■ WORK ORDER ■
Pick out each line in these entries that contains the string "symmetric".

Collected data
BEGIN
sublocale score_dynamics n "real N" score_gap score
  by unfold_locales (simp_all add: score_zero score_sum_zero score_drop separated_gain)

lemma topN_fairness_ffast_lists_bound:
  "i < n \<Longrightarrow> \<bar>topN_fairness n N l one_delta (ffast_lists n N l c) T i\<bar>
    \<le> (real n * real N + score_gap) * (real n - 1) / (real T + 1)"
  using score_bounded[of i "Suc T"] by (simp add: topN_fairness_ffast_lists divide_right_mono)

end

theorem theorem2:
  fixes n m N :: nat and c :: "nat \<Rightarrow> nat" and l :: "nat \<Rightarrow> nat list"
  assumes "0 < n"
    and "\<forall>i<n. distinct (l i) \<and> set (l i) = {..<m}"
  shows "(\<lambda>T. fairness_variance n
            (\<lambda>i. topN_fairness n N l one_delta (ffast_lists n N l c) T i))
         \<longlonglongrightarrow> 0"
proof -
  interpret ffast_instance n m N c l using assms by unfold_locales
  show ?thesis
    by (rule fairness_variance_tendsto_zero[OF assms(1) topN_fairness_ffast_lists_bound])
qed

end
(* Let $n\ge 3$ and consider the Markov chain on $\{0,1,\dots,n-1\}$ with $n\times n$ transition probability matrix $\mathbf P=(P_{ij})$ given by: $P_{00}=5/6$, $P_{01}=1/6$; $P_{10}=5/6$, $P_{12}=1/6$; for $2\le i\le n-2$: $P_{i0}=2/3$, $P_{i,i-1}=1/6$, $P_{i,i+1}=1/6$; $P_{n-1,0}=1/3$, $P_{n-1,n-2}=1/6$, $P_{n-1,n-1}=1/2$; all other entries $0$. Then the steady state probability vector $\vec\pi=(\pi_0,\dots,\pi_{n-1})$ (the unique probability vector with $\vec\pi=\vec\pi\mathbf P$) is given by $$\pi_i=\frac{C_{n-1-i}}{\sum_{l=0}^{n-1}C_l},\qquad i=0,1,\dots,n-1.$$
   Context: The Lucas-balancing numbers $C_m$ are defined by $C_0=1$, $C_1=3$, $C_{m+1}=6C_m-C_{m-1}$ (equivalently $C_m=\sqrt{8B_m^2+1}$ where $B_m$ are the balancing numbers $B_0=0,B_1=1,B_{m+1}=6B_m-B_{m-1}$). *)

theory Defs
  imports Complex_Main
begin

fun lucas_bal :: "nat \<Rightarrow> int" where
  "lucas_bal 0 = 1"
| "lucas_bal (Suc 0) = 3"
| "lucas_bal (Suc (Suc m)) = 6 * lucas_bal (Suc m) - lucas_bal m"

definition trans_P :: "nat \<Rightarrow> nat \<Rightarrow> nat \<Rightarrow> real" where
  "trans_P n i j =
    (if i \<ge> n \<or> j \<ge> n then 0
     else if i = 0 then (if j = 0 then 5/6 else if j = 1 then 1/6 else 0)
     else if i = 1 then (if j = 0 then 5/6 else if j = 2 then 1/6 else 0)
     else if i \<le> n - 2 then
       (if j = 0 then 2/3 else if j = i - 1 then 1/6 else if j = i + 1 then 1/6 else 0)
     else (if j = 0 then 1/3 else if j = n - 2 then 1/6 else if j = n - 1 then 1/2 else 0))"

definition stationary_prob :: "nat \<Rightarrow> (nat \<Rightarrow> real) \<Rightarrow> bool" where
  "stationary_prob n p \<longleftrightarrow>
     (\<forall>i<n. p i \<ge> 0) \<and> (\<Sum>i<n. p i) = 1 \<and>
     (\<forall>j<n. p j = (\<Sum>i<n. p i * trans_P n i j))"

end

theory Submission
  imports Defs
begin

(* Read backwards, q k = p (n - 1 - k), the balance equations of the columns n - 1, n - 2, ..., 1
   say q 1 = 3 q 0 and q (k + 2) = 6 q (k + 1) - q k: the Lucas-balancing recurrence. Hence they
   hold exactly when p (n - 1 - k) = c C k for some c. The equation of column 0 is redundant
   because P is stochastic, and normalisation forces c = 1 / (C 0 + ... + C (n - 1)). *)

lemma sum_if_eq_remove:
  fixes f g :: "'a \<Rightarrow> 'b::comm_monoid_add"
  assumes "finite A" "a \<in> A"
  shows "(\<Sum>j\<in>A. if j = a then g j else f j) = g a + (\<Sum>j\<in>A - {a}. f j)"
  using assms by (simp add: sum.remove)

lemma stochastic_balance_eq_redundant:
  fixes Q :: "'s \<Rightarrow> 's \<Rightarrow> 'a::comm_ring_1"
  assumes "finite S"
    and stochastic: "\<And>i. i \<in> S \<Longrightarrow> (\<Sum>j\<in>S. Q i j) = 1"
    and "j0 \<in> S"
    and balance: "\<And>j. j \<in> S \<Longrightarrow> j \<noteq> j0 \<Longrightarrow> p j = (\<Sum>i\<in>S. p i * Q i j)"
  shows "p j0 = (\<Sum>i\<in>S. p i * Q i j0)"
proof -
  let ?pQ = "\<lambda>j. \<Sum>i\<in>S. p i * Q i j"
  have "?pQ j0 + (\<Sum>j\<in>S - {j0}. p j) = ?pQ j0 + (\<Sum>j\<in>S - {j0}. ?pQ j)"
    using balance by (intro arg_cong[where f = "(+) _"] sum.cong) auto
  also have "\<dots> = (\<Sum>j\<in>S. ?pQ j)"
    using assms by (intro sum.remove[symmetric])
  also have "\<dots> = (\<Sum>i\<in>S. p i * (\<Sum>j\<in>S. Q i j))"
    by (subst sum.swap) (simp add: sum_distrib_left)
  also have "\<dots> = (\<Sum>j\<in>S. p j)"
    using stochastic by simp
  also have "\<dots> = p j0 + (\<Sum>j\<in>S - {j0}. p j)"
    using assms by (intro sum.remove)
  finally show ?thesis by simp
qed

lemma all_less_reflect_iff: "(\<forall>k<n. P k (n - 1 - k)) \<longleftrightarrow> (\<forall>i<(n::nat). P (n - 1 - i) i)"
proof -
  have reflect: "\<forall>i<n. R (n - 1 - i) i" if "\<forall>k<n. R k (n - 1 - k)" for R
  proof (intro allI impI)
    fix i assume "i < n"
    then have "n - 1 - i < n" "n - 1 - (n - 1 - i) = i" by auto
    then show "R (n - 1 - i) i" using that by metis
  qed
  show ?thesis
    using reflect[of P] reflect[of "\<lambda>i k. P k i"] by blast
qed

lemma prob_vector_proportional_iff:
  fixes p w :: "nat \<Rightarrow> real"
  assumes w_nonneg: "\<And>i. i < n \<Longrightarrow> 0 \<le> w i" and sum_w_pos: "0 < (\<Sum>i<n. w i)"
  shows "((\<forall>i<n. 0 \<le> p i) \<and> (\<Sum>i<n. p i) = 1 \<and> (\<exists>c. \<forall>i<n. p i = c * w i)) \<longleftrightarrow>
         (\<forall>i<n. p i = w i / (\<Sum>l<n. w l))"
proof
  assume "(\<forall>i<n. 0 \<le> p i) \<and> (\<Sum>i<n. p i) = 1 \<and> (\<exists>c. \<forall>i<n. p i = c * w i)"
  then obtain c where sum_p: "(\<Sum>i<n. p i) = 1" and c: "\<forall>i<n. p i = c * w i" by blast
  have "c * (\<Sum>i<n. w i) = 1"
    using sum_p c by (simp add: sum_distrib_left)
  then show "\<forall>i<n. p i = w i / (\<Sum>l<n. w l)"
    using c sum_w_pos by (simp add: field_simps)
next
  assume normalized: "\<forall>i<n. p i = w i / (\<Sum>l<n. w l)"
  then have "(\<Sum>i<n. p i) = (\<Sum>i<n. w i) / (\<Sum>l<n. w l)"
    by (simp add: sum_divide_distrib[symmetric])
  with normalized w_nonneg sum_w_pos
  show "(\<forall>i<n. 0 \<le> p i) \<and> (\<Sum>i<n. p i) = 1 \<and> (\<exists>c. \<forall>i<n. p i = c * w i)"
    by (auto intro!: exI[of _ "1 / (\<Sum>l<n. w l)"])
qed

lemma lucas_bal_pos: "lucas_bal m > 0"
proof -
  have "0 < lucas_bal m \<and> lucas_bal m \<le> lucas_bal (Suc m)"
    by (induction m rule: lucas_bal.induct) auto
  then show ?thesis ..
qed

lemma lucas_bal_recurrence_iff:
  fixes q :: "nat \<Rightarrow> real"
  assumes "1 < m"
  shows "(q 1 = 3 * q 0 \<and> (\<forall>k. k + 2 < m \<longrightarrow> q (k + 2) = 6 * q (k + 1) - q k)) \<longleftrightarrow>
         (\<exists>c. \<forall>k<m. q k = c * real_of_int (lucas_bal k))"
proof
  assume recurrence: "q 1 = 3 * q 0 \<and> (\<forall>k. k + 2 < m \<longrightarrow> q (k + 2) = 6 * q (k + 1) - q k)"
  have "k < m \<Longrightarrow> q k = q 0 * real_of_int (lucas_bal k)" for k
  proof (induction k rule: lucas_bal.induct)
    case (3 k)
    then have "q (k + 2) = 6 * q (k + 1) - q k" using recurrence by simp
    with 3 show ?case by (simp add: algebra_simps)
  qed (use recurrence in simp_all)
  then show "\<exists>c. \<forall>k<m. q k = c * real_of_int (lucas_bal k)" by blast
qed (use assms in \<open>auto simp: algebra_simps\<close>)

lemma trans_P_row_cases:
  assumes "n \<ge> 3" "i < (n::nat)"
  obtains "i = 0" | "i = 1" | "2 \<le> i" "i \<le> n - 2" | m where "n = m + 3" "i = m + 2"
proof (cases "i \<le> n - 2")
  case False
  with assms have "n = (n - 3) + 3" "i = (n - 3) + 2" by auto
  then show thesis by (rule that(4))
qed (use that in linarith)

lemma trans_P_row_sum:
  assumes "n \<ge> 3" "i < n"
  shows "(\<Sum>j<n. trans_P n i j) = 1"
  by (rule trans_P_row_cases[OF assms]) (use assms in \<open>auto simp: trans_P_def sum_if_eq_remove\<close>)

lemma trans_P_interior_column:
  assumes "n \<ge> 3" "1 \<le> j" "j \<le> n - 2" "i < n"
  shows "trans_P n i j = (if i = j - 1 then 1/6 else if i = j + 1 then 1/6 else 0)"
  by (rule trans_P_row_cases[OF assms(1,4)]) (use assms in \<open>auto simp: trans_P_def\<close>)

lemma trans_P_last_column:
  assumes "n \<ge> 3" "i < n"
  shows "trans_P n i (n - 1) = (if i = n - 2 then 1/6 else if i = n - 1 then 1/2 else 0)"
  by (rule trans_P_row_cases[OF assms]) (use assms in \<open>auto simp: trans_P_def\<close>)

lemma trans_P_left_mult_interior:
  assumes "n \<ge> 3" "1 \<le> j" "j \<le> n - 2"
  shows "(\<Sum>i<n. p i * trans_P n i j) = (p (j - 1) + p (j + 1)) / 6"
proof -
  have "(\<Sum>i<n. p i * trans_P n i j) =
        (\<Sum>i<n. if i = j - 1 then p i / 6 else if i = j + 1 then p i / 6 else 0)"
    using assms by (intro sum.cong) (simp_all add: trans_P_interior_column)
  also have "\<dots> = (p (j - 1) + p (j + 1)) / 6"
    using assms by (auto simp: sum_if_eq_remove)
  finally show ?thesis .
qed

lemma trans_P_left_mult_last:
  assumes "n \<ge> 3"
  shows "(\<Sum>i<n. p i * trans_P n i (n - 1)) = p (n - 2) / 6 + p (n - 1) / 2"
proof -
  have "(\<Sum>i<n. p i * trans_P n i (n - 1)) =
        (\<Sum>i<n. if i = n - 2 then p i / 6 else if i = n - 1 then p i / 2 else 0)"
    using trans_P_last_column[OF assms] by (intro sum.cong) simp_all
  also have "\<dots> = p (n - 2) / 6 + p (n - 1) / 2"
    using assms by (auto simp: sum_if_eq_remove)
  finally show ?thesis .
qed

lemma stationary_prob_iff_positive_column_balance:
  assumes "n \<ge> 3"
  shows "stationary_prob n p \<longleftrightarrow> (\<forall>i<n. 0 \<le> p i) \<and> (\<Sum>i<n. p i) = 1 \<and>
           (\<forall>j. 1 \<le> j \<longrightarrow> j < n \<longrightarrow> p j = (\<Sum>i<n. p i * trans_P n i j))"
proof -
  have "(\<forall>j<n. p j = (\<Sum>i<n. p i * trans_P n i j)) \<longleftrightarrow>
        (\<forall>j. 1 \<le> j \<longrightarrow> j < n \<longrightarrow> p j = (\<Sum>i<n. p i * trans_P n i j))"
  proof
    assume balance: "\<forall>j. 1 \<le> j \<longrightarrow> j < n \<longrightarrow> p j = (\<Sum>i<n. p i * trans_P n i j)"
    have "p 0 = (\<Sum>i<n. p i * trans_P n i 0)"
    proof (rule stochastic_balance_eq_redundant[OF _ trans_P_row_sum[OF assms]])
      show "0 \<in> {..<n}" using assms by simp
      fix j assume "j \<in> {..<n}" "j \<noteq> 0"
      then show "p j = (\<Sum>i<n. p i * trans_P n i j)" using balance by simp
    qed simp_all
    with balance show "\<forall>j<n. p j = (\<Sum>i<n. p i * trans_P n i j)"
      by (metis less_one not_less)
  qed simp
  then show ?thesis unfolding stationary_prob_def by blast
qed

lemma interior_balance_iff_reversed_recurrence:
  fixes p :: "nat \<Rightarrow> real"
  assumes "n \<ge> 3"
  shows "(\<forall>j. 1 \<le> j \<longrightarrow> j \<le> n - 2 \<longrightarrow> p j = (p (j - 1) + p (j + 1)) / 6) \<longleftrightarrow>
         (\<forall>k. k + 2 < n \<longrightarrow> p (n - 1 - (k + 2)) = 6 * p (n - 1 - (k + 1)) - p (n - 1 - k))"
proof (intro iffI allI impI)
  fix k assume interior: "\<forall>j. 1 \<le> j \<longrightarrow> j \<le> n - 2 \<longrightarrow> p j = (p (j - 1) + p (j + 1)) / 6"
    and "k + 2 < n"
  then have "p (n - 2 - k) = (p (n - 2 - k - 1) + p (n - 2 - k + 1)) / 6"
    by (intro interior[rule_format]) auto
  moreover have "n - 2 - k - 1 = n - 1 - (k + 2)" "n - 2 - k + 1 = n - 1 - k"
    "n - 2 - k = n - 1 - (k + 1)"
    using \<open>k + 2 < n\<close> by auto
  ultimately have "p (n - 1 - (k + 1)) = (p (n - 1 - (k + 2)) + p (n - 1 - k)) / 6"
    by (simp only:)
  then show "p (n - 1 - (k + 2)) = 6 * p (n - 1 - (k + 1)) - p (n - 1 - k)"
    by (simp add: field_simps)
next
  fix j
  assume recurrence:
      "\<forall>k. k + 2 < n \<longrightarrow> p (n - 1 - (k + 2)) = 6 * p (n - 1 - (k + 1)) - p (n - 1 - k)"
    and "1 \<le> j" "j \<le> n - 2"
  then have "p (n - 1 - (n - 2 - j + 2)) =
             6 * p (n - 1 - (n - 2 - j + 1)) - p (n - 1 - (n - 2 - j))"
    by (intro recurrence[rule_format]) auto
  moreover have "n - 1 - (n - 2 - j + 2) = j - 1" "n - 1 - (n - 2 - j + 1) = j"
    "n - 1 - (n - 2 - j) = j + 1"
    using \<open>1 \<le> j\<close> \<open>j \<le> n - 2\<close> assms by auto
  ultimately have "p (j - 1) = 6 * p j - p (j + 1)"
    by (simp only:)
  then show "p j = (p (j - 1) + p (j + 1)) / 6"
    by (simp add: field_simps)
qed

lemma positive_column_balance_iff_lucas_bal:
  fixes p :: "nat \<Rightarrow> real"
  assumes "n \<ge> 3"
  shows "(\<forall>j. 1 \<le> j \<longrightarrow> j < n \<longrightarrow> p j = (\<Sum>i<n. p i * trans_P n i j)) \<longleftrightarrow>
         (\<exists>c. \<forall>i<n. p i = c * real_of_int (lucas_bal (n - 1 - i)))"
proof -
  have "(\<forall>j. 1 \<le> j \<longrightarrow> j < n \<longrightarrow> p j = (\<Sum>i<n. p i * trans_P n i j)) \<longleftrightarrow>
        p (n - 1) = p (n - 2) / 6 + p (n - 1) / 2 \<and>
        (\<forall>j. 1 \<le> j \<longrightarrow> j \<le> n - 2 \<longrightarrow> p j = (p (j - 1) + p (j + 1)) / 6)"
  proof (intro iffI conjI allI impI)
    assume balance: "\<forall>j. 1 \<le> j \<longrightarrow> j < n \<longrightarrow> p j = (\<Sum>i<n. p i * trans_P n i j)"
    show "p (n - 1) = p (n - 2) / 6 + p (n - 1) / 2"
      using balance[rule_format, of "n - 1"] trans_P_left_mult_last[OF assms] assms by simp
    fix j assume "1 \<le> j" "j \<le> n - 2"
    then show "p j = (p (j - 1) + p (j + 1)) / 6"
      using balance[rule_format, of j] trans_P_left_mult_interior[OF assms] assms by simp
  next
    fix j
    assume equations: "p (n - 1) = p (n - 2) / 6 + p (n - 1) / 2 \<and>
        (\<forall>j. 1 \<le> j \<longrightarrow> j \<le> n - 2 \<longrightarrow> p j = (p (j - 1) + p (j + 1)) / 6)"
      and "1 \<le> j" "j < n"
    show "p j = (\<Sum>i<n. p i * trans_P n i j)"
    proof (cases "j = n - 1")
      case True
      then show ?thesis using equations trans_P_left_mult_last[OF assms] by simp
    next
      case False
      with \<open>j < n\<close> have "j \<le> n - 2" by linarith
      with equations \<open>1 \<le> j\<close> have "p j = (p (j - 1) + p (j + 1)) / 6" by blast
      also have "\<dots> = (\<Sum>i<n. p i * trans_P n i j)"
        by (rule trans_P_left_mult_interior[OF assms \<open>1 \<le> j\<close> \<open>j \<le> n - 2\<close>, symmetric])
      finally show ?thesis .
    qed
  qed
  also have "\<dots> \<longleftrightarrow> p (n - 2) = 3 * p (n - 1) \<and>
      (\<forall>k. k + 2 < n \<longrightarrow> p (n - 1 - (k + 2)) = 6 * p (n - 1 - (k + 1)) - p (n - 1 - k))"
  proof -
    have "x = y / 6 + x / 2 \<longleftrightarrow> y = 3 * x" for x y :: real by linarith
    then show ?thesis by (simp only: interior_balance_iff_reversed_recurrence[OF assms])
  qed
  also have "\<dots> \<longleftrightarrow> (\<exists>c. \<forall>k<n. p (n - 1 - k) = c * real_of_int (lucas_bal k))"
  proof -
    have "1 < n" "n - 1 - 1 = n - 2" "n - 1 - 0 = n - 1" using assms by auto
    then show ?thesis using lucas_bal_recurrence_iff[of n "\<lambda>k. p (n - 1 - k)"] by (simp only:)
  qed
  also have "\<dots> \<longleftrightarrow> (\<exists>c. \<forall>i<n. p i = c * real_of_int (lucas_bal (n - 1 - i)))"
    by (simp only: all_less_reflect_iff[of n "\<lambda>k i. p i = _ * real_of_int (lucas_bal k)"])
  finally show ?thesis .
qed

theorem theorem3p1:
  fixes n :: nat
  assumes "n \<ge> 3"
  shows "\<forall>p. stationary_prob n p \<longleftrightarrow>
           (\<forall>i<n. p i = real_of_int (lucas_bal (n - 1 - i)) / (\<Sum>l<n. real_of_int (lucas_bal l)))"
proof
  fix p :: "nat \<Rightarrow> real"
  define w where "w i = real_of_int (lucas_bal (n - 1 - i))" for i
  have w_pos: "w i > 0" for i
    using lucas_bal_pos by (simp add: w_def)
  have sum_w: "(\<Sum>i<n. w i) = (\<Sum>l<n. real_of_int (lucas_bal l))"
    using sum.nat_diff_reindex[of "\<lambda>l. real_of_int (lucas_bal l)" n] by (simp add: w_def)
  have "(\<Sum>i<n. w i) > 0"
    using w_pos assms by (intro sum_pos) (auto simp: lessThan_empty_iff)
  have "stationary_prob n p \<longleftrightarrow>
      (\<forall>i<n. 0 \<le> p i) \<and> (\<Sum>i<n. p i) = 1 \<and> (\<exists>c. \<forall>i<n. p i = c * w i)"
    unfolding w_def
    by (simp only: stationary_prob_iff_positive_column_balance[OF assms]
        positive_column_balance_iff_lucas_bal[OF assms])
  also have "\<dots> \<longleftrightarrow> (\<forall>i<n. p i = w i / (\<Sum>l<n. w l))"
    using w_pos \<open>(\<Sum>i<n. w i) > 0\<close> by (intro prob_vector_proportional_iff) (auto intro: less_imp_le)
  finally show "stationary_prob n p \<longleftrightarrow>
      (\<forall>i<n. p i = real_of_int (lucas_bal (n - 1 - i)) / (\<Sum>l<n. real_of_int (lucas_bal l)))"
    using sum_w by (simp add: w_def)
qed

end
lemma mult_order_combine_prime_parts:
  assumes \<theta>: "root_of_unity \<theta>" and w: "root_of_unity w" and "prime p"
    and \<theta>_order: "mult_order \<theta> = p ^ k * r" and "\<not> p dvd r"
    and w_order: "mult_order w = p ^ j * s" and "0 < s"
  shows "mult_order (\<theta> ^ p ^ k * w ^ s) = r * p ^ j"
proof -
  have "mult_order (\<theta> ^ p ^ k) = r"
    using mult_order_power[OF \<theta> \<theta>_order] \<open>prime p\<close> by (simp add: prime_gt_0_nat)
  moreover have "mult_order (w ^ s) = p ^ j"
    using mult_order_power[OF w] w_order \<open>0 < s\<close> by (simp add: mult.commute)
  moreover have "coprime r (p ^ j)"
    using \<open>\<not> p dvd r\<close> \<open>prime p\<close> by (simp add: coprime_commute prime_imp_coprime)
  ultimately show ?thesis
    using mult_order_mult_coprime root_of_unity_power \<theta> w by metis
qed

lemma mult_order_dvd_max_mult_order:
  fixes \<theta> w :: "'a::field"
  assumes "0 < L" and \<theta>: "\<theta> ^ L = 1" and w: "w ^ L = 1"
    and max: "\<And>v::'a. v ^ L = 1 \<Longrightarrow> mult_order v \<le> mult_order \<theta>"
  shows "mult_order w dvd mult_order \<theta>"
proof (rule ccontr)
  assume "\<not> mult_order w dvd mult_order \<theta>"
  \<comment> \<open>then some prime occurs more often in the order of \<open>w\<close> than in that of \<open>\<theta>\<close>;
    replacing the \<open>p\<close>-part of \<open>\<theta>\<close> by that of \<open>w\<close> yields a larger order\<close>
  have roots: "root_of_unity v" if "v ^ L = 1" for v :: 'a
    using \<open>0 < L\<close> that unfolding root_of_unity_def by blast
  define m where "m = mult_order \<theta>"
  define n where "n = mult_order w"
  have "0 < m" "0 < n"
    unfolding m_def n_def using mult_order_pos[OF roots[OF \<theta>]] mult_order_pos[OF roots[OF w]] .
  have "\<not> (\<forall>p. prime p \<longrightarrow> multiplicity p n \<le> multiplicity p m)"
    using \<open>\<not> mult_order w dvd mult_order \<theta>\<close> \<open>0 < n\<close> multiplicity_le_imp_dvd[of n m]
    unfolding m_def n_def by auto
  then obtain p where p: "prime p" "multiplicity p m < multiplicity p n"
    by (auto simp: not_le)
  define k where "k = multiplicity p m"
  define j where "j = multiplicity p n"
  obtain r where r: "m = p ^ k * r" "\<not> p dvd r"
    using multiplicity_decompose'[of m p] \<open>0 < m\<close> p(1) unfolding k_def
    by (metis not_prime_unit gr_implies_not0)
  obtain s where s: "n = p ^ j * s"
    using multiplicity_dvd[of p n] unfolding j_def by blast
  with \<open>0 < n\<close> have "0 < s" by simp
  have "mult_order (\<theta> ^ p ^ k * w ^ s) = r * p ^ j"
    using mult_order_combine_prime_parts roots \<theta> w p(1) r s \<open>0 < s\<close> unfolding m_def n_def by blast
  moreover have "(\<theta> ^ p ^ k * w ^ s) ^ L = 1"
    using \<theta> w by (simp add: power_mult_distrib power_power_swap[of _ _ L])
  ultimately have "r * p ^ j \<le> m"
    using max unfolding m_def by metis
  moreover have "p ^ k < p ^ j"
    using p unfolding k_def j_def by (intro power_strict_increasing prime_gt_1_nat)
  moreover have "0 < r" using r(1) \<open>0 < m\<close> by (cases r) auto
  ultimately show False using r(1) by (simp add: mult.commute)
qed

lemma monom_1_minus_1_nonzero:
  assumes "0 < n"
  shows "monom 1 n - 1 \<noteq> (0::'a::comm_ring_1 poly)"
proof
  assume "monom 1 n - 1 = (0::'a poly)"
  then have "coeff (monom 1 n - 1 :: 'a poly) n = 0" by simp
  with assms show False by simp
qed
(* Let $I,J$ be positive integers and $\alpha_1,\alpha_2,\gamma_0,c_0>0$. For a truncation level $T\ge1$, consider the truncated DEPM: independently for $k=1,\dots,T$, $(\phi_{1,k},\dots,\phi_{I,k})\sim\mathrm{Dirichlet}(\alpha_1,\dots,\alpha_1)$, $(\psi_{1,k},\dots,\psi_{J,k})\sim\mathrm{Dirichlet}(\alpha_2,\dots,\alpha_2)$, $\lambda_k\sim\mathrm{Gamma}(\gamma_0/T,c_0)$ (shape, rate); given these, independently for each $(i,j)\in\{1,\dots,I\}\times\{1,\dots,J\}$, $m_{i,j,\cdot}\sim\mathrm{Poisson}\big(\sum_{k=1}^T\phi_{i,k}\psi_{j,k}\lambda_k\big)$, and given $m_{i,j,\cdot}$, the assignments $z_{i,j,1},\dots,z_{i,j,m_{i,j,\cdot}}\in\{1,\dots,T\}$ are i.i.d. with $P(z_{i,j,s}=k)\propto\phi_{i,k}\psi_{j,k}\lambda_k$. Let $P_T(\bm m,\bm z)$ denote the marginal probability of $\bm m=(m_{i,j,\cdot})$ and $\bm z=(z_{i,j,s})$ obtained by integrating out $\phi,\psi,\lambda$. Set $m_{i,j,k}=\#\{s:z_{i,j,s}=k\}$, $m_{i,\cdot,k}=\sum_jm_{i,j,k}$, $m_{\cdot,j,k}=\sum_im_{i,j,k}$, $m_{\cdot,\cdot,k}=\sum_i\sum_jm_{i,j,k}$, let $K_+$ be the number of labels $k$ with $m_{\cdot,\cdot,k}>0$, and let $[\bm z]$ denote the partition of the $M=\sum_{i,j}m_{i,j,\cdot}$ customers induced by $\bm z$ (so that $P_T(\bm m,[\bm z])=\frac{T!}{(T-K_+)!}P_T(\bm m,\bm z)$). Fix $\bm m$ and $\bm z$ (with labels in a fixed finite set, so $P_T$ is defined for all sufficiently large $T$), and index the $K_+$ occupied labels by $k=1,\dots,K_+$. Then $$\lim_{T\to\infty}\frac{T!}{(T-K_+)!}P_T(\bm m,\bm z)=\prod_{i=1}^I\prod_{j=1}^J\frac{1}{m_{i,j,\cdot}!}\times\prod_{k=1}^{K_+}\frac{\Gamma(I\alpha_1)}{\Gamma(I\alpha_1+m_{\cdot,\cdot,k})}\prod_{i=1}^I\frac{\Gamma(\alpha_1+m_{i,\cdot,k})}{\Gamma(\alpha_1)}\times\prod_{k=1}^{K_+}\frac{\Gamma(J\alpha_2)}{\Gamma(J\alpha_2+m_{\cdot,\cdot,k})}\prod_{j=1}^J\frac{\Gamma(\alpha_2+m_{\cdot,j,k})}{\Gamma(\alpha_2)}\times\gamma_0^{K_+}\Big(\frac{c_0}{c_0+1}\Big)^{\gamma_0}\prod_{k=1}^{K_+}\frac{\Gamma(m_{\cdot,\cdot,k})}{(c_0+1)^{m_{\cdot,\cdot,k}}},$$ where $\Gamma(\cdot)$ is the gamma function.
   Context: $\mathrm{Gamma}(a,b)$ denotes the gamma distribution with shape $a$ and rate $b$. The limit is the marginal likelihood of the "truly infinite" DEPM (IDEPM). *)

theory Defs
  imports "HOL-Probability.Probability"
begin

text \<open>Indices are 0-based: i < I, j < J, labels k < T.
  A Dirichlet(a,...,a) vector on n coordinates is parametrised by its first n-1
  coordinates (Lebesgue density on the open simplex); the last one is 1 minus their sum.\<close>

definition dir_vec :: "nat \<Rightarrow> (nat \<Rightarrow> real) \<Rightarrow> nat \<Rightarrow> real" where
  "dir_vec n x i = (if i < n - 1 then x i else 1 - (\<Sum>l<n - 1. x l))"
END
■ RESPONSE FOR THIS EXERCISE ■
    using assms by (intro sum.remove[symmetric])
    by (simp add: sum_divide_distrib[symmetric])
        by (rule trans_P_left_mult_interior[OF assms \<open>1 \<le> j\<close> \<open>j \<le> n - 2\<close>, symmetric])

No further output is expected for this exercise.